Stored data entries:
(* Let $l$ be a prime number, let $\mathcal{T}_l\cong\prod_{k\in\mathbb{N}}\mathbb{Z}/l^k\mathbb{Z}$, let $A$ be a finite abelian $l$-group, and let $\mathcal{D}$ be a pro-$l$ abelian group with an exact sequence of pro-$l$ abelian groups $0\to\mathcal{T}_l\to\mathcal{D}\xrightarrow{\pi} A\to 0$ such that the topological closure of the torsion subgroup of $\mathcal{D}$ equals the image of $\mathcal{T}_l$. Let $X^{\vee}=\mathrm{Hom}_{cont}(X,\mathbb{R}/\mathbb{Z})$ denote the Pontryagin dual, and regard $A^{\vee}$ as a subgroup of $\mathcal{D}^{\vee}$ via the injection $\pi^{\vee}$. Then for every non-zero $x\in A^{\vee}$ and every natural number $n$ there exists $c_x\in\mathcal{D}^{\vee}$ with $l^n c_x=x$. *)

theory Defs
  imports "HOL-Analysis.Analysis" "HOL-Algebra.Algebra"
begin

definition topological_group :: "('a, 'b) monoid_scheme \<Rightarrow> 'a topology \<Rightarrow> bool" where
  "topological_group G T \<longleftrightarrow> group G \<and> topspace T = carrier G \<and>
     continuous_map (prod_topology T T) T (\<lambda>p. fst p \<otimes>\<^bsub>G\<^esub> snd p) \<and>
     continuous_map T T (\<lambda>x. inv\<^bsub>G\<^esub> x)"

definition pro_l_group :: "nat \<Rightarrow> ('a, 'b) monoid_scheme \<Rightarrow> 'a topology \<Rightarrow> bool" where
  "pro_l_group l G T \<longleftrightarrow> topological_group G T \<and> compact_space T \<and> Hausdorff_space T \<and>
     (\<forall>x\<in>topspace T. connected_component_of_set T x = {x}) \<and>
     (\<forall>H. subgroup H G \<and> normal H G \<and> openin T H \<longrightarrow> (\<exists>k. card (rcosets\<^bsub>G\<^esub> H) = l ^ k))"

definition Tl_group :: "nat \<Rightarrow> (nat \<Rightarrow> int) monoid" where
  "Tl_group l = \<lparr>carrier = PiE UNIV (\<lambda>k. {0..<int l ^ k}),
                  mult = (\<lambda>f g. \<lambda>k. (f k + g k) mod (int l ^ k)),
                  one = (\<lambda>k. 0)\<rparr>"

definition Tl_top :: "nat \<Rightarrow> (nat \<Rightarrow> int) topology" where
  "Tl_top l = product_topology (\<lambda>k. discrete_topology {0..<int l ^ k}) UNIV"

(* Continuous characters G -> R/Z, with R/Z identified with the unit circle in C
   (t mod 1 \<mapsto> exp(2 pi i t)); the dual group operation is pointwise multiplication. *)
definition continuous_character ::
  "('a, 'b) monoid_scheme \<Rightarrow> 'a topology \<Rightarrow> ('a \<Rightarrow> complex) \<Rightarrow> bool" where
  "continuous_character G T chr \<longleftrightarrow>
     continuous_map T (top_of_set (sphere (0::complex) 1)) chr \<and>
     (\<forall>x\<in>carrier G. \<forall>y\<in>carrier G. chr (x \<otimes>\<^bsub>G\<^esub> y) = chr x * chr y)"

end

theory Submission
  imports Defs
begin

(Work required): Could you tally the lines in the data that contain the string "carrier" and answer with the number alone?

(Solution): 3